Matlisp provides an infix reader for evaluating mathematical expressions. We use '/' as both a binary and unary operator within matlisp's infix reader, this allows us to ensure semantic uniformity even when dealing with non-commutativity rings.
Solving Ax = b is consequently as simple as,
MATLISP> #i(/A * b)
, this operation being generic to A being a scalar/matrix/permutation. It's also extremely simple to define custom syntax by tweaking "src/reader/infix.lisp".
For a variety of reasons, Matlisp duplicates general BLAS functionality using Lisp code. These are similar to the naive-loop versions found in the BLAS reference implementation, but are generated using macros, and are consequently quite terse. These macro expand into lean code blocks which are often very competitive (within 10-20%) of the corresponding C code. This allows users greater flexibility when dealing with specific problems. For instance GEMM is essentially generated by the following code-snippet (exercise: why 'j k i' ?),
> (defun mm (A B C) (einstein-sum #.(tensor 'double-float) (j k i) (ref C i j) (* (ref A i j) (ref B j k))))
Matlisp also switches dynamically between BLAS routines (when available) and native lisp code to avoid FFI overheads. This functionality can be used (with minimal tweaking) without the need for a a BLAS library, or for commutative-ring types which don't have BLAS routines available.
Most classes/methods in Matlisp are dynamically generated for specialized types at run-time. Generating class specialized for certain field-types is not particularly interesting, and takes place along usual lines.
#+BEGINSRC lisp M> (tensor 'double-float 'dense-tensor)
|<BLAS-MIXIN DENSE-TENSOR: DOUBLE-FLOAT>|
M> (tensor 'double-float 'graph-tensor)
Tying method generation with CLOS, however, comes with its own set of complications. Consider this not-so-hypothetical situation: we're given an abstract class dense-tensor, and we wish to write a method for computing the square of a matrix. This sounds simple enough, and as a first pass, one ends up with something like,
(defgeneric sqmm (x) (:method :before ((x tensor)) (assert (typep x 'tensor-square-matrix) nil "X must be square")))

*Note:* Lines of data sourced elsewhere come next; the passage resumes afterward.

theorem theorem1:
  fixes d :: nat and ps :: "nat \<Rightarrow> nat" and \<alpha> :: real and \<Sigma> :: "real mat"
    and M :: "'a measure" and X :: "'a \<Rightarrow> (nat \<times> nat) \<Rightarrow> real" and \<nu> :: "nat \<Rightarrow> real"
  defines "p \<equiv> (\<Sum>k = 1..d. ps k)"
  assumes "prob_space M"
    and "\<alpha> > real p - 1"
    and "pos_def_mat p \<Sigma>"
    and "wishart_distributed M p \<alpha> \<Sigma> X"
    and "\<forall>i \<in> {1..d}. \<nu> i \<ge> 0"
  shows "prob_space.expectation M
           (\<lambda>\<omega>. \<Prod>i = 1..d. det (lead_submat (\<Sum>k = 1..i. ps k) (sym_of p (X \<omega>))) powr \<nu> i)
       = (\<Prod>i = 1..d. det (2 \<cdot>\<^sub>m lead_submat (\<Sum>k = 1..i. ps k) \<Sigma>) powr \<nu> i *
            multigamma (ps i) (\<alpha> / 2 - (\<Sum>k = 1..<i. real (ps k) / 2) + (\<Sum>k = i..d. \<nu> k))
            / multigamma (ps i) (\<alpha> / 2 - (\<Sum>k = 1..<i. real (ps k) / 2)))"
proof -
  define n where "n i = (\<Sum>k=1..i. ps k)" for i
  have n: "\<forall>i\<in>{1..d}. n i \<le> p" by (auto simp: n_def p_def intro!: sum_mono2)
  have "prob_space.expectation M (\<lambda>\<omega>. \<Prod>i=1..d. det (lead_submat (n i) (sym_of p (X \<omega>))) powr \<nu> i)
      = wishart_const p (2 \<cdot>\<^sub>m \<Sigma>) (\<alpha> / 2) n \<nu> {1..d}
        / (det (2 \<cdot>\<^sub>m \<Sigma>) powr (\<alpha> / 2) * multigamma p (\<alpha> / 2))"
    by (rule expectation_prod_det_lead_submat_wishart[OF assms(5,3,4) _ n assms(6)]) simp
  also have "\<dots> = (\<Prod>i=1..d. det (2 \<cdot>\<^sub>m lead_submat (n i) \<Sigma>) powr \<nu> i)
      * ((\<Prod>m=1..p. Gamma (\<alpha> / 2 + (\<Sum>i\<in>{i\<in>{1..d}. m \<le> n i}. \<nu> i) - (real m - 1) / 2))
        / (\<Prod>m=1..p. Gamma (\<alpha> / 2 - (real m - 1) / 2)))"
    by (rule wishart_const_div_normalization[OF assms(4,3) n])
  also have "\<dots> = (\<Prod>i = 1..d. det (2 \<cdot>\<^sub>m lead_submat (n i) \<Sigma>) powr \<nu> i *
            multigamma (ps i) (\<alpha> / 2 - (\<Sum>k = 1..<i. real (ps k) / 2) + (\<Sum>k = i..d. \<nu> k))
            / multigamma (ps i) (\<alpha> / 2 - (\<Sum>k = 1..<i. real (ps k) / 2)))"
    using prod_Gamma_ratio_eq_prod_multigamma_ratio[of ps d \<alpha> \<nu>] assms(3,6)
    by (simp add: n_def p_def prod.distrib prod_dividef times_divide_eq_right)
  finally show ?thesis by (simp add: n_def)
qed

end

A first solution can be as simple as,
(defmethod sqmm ((x dense-tensor) &aux (cl-x (class-name (class-of x)))) (compile-and-eval `(defmethod sqmm ((x ,cl-x) &aux (ret (zeros (dimensions x) (class-of x)))) (einstein-sum ,cl-x (j k i) (ref ret i j) (* (ref x i j) (ref x j k))))) (sqmm x))

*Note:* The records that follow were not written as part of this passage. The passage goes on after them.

text \<open>unit exponent vector of w_(k+1), k = 0,1,2\<close>
definition ek :: "nat \<Rightarrow> mexp" where
  "ek k = (if k = 0 then (1,0,0) else if k = 1 then (0,1,0) else (0,0,1))"

definition madd :: "mexp \<Rightarrow> mexp \<Rightarrow> mexp" where
  "madd a b = (fst a + fst b, fst (snd a) + fst (snd b), snd (snd a) + snd (snd b))"

definition coord :: "'k pt3 \<Rightarrow> nat \<Rightarrow> 'k" where
  "coord w k = (if k = 0 then fst w else if k = 1 then fst (snd w) else snd (snd w))"

definition mon3 :: "mexp \<Rightarrow> 'k::comm_semiring_1 pt3 \<Rightarrow> 'k" where
  "mon3 a w = fst w ^ fst a * fst (snd w) ^ fst (snd a) * snd (snd w) ^ snd (snd a)"

definition hom_form3 :: "nat \<Rightarrow> ('k::comm_semiring_1 pt3 \<Rightarrow> 'k) \<Rightarrow> bool" where
  "hom_form3 s G \<longleftrightarrow> (\<exists>c. \<forall>w. G w = (\<Sum>a\<in>mons_set s. c a * mon3 a w))"

definition poly_fun3 :: "('k::comm_semiring_1 pt3 \<Rightarrow> 'k) \<Rightarrow> bool" where
  "poly_fun3 G \<longleftrightarrow> (\<exists>N c. \<forall>w. G w = (\<Sum>a\<in>{a. mdeg a \<le> N}. c a * mon3 a w))"

text \<open>X is a finite set of points of P^2, given by nonzero pairwise non-proportional representatives.\<close>
definition proj_point_set :: "'k::field pt3 set \<Rightarrow> bool" where
  "proj_point_set X \<longleftrightarrow> finite X \<and> (0,0,0) \<notin> X \<and>
     (\<forall>x\<in>X. \<forall>y\<in>X. x \<noteq> y \<longrightarrow> \<not> (\<exists>c. y = (c * fst x, c * fst (snd x), c * snd (snd x))))"

text \<open>dim_k (k[w]/I_X)_s = dimension of the space of values of degree-s forms on X
  (image of the evaluation map, whose kernel is (I_X)_s)\<close>
definition hilb :: "'k::field pt3 set \<Rightarrow> nat \<Rightarrow> nat" where
  "hilb X s = vector_space.dim (\<lambda>(c::'k) f x. c * f x)
      ((\<lambda>a. \<lambda>x. if x \<in> X then mon3 a x else 0) ` mons_set s)"

definition generic_position :: "'k::field pt3 set \<Rightarrow> bool" where
  "generic_position X \<longleftrightarrow> (\<forall>s. hilb X s = min ((s + 2) choose 2) (card X))"

text \<open>L_(lj) = sum_k lambda l j k * w_k  (0-based l < d, j \<le> d, k < 3)\<close>
definition Lform :: "(nat \<Rightarrow> nat \<Rightarrow> nat \<Rightarrow> 'k) \<Rightarrow> nat \<Rightarrow> nat \<Rightarrow> 'k::comm_ring_1 pt3 \<Rightarrow> 'k" where
  "Lform lam l j w = (\<Sum>k<3. lam l j k * coord w k)"

text \<open>F_j = (-1)^(j+1) det(L without j-th column), written 0-based (j = 0..d)\<close>
definition Fform :: "nat \<Rightarrow> (nat \<Rightarrow> nat \<Rightarrow> nat \<Rightarrow> 'k) \<Rightarrow> nat \<Rightarrow> 'k::comm_ring_1 pt3 \<Rightarrow> 'k" where
  "Fform d lam j w = (-1) ^ j *
     det (mat d d (\<lambda>(l, c). Lform lam l (if c < j then c else Suc c) w))"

This works because when a subclass of dense-tensor is encountered which isn't specialized, a method is generated and this method is subsequently called. The next time sqmm is called with an instance of this class, closer-mop:compute-applicable-methods-using-classes places this method at the top of the list. This scheme works perfectly if dense-tensor only has descendents at distance 1 and no more (why ?). Fixing this within the confines of CLOS is troublesome, because every method then needs to check if it is 'special enough'. Cue: Metaobjects to the rescue.This is solved in Matlisp in three steps,
- Define a subclass tensor-method-generator of closer-mop:funcallable-standard-class (a subclass of a function).
- Define subclasses of closer-mop:specializer, one each for marking generated function arguments, and generator arguments.
- Define custom method dispatch closer-mop:compute-applicable-methods-using-classes for this subclass of generic-functions.
These definitions can be found in 'src;base;generator.lisp'.
The solution to the question posed is then simply,
(defgeneric sqmm (x) (:method :before ((x tensor)) (assert (typep x 'tensor-square-matrix) nil "X must be square")) (:generic-function-class tensor-method-generator)) (defmethod sqmm ((x #.(make-instance 'group-specializer :object-class 'dense-tensor :group-name :x)) &aux (cl-x (class-name (class-of x)))) (compile-and-eval `(defmethod sqmm ((x ,(make-instance 'classp-specializer :object-class (find-class cl-x))) &aux (ret (zeros (dimensions x) ',cl-x))) (einstein-sum ,cl-x (j k i) (ref ret i j) (* (ref x i j) (ref x j k))))) (sqmm x))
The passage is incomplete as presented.